This is ideal for couples who have completed the family and do not desire any more children. It is a very effective form of contraception. It is a one time permanent procedure. The procedure is relatively easy without major complications. It has to be done by a skilled doctor, under sterile conditions. This is done under local anesthesia that does not require the patient to stay fasting or need hospitalization.
Vasectomy is more cost effective as persons do not require regular contraceptive supplies or medical check ups.
Vasectomy can be reversed though return to fertility is not guaranteed. The reversal surgery is more complicated. Therefore the couple should think very carefully and consider the pros and cons of surgery before embarking on this.
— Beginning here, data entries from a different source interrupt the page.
lemma eval2_fibre_parametrisation:
  fixes d :: "'k::field"
  assumes "prime CHAR('k)"
  shows "eval2 (\<lambda>c. [:c:]) (varX ^ CHAR('k) + varY ^ (CHAR('k) + 1) - constA (d ^ CHAR('k)))
           ([:d:] - monom 1 (CHAR('k) + 1)) (monom 1 CHAR('k)) = 0"
proof -
  let ?p = "CHAR('k)"
  have "([:d:] - monom 1 (?p + 1)) ^ ?p = [:d:] ^ ?p + (- monom 1 (?p + 1)) ^ ?p"
    using freshmans_dream[where x = "[:d:]" and y = "- monom 1 (?p + 1)"] assms by simp
  also have "\<dots> = [:d ^ ?p:] - monom 1 ((?p + 1) * ?p)"
    using minus_power_prime_CHAR[where x = "monom (1::'k) (?p + 1)"] assms
    by (simp add: poly_const_pow monom_power)
  finally show ?thesis
    by (simp add: eval2_varX eval2_varY eval2_constA comm_ring_hom_const_poly
        comm_ring_hom.hom_simps[OF comm_ring_hom_eval2[OF comm_ring_hom_const_poly]]
        monom_power mult_monom mult.commute)
qed

text \<open>The degree conditions make \<open>(H)\<close> the whole kernel of \<open>P \<mapsto> P(u, v)\<close>.\<close>

lemma k_rational_quotient_if_parametrisation:
  fixes H :: "'k::field poly poly" and u v :: "'k poly"
  assumes monic: "lead_coeff H = 1" and zero: "eval2 (\<lambda>c. [:c:]) H u v = 0"
    and degrees: "coprime (degree u) (degree v)" "degree v > 0" "degree H \<le> degree u"
    and generator: "to_fract [:0, 1:] \<in> image_quotients (\<lambda>P. to_fract (eval2 (\<lambda>c. [:c:]) P u v))"
  shows "k_rational_quotient H"
proof -
  define E where "E = (\<lambda>P. to_fract (eval2 (\<lambda>c. [:c:]) P u v))"
  have hom: "comm_ring_hom (\<lambda>P. eval2 (\<lambda>c. [:c:]) P u v)"
    by (rule comm_ring_hom_eval2[OF comm_ring_hom_const_poly])
  have "r = 0" if "degree r < degree H" "eval2 (\<lambda>c. [:c:]) r u v = 0" for r
    using eval2_const_poly_eq_0_imp_eq_0[OF degrees(1,2)] degrees(3) that by simp
  then have ker: "E P = 0 \<longleftrightarrow> H dvd P" for P
    using dvd_iff_hom_eq_0_if_monic[OF hom monic zero] by (simp add: E_def)
  have "irreducible H"
    using monic ker unfolding E_def
    by (intro prime_elem_imp_irreducible prime_elem_if_dvd_iff_hom_eq_0[OF hom]) auto
  have E_hom: "comm_ring_hom E"
    unfolding E_def by (rule comm_ring_hom_comp[OF hom comm_ring_hom_to_fract])
  have E_const: "E (constA c) = to_fract [:c:]" for c
    by (simp add: E_def eval2_constA[OF comm_ring_hom_const_poly])
  have E_eval2: "eval2 (\<lambda>c. to_fract [:c:]) P (to_fract u) (to_fract v) = E P" for P
    unfolding E_def by (rule eval2_hom_commute[OF comm_ring_hom_const_poly comm_ring_hom_to_fract])
  have "r \<in> image_quotients E" for r
    using image_quotients_eq_UNIV_if_generator[OF E_hom E_const generator[folded E_def]] .
  then have "\<forall>r. \<exists>P Q. E Q \<noteq> 0 \<and> r = E P / E Q" unfolding image_quotients_def by blast
  with ker \<open>irreducible H\<close> show ?thesis
    unfolding k_rational_quotient_def E_eval2[symmetric] by blast
qed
Permanent contraception for a man is called vasectomy. A vasectomy blocks the vas deferens (sperm tubes) so that the sperm will not be able to make a woman pregnant. Sperm are made in a man ín testicles (balls). The sperm move up the sperm tubes to mix with the semen. Semen is the fluid that comes out when a man ejaculates (comes).
Vasectomy stops the sperm from mixing with the semen. After vasectomy, the man will still ejaculate semen but his semen will no longer have any sperm in it. Without sperm, his semen cannot make a woman pregnant. During a vasectomy, the doctor or trained person cuts and ties the tubes to block the path of the sperm. The testicles will still make sperm but the body will absorb them.
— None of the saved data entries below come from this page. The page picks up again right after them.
text \<open>Kraus operators for C_psi: |e1><psi| and c |j><w_l| for j \<noteq> e1 and all l,
  where w_l is the l-th column of I - |psi><psi| and |c|^2 = 1/(d - 1).\<close>

lemma C_psi_Kraus_sum:
  fixes e1 :: "'n::finite"
  assumes unit: "norm \<psi> = 1" and c_sq: "cnj c * c = 1 / (of_nat CARD('n) - 1)"
  shows "C_psi e1 \<psi> \<rho> = outer (axis e1 1) \<psi> ** \<rho> ** adj (outer (axis e1 1) \<psi>)
    + (\<Sum>j\<in>UNIV - {e1}. \<Sum>l\<in>UNIV.
        outer (axis j c) (perp_vec \<psi> l) ** \<rho> ** adj (outer (axis j c) (perp_vec \<psi> l)))"
proof -
  have axis_outer_sum: "(\<Sum>j\<in>UNIV - {e1}. axis j c $ i * cnj (axis j c $ i'))
      = (if i = i' \<and> i \<noteq> e1 then cnj c * c else 0)" for i i'
    by (simp add: axis_def if_distrib[of "\<lambda>y. y * _"] mult.commute cong: if_cong)
  have "(outer (axis e1 1) \<psi> ** \<rho> ** adj (outer (axis e1 1) \<psi>)
    + (\<Sum>j\<in>UNIV - {e1}. \<Sum>l\<in>UNIV.
        outer (axis j c) (perp_vec \<psi> l) ** \<rho> ** adj (outer (axis j c) (perp_vec \<psi> l)))) $ i $ i'
      = proj_basis e1 $ i $ i' * expect \<psi> \<rho>
        + (\<Sum>j\<in>UNIV - {e1}. axis j c $ i * cnj (axis j c $ i'))
          * (\<Sum>l\<in>UNIV. expect (perp_vec \<psi> l) \<rho>)" for i i'
  proof -
    have "axis e1 1 $ i * cnj (axis e1 1 $ i') = proj_basis e1 $ i $ i'"
      by (simp add: axis_def proj_basis_def)
    then show ?thesis
      by (simp add: sum_component sandwich_outer sum_distrib_left[symmetric]
          sum_distrib_right[symmetric])
  qed
  then show ?thesis
    by (simp add: vec_eq_iff sum_expect_perp_vec[OF unit] axis_outer_sum c_sq C_psi_def
        proj_basis_def mat_def)
qed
No, it does not! It is not castration! Remember, it is only the sperm path that is blocked so that the sperm cannot reach the semen and cannot cause a pregnancy. Otherwise, nothing changes. A vasectomy does not harm the testicles. The testicles still produce the hormones that make men act and feel like men. These hormones pass through the blood, not through the sperm tubes, so the vasectomy does not affect the man’s sexual feelings and manhood.
Two techniques are used commonly for male sterilization. The vas is located, isolated and anchored with the fingers and a local anaesthetic infiltrated into the skin over the anchored segment.
Conventional technique: A 5mm small incision is made in the skin and the vas carefully brought out through this, clamped, and a segment is resected. The cut ends are then tied and left back in the scrotal sac. The skin incision is sutured with absorbable material. One midline or two incisions on either side of the scrotum could be made to approach the vas.
No-scalpel technique: The vas is reached through a puncture in the skin (no incisions). Each vas is ligated and then a substantial portion removed so as to prevent a recanalization. The puncture wound is tightly plastered and the patient is advised to keep it dry for 5 days and then remove the plaster.
After the procedure, plan to stay at home and rest for one or two days (You are entitled to 3 days of duty leave).
Do not do any heavy work or exercise for one week.
You may have some pain, swelling or slight bleeding for a few days. If there is pain take a mild pain killer like paracetamol.
Sexual intercourse can be resumed when the discomfort is over. But contraception is still required as sperms still remain in the semen and sperm tubes up to 20 ejaculations or three months after the operation. Condoms can be used every time, or your spouse can use other methods of family planning during this time. After 3 months there are no sperm in the semen A seminal fluid analysis should be done after 3 months of the surgery to check for sterility.
Wear clean scrotal support for 7 days after the operation.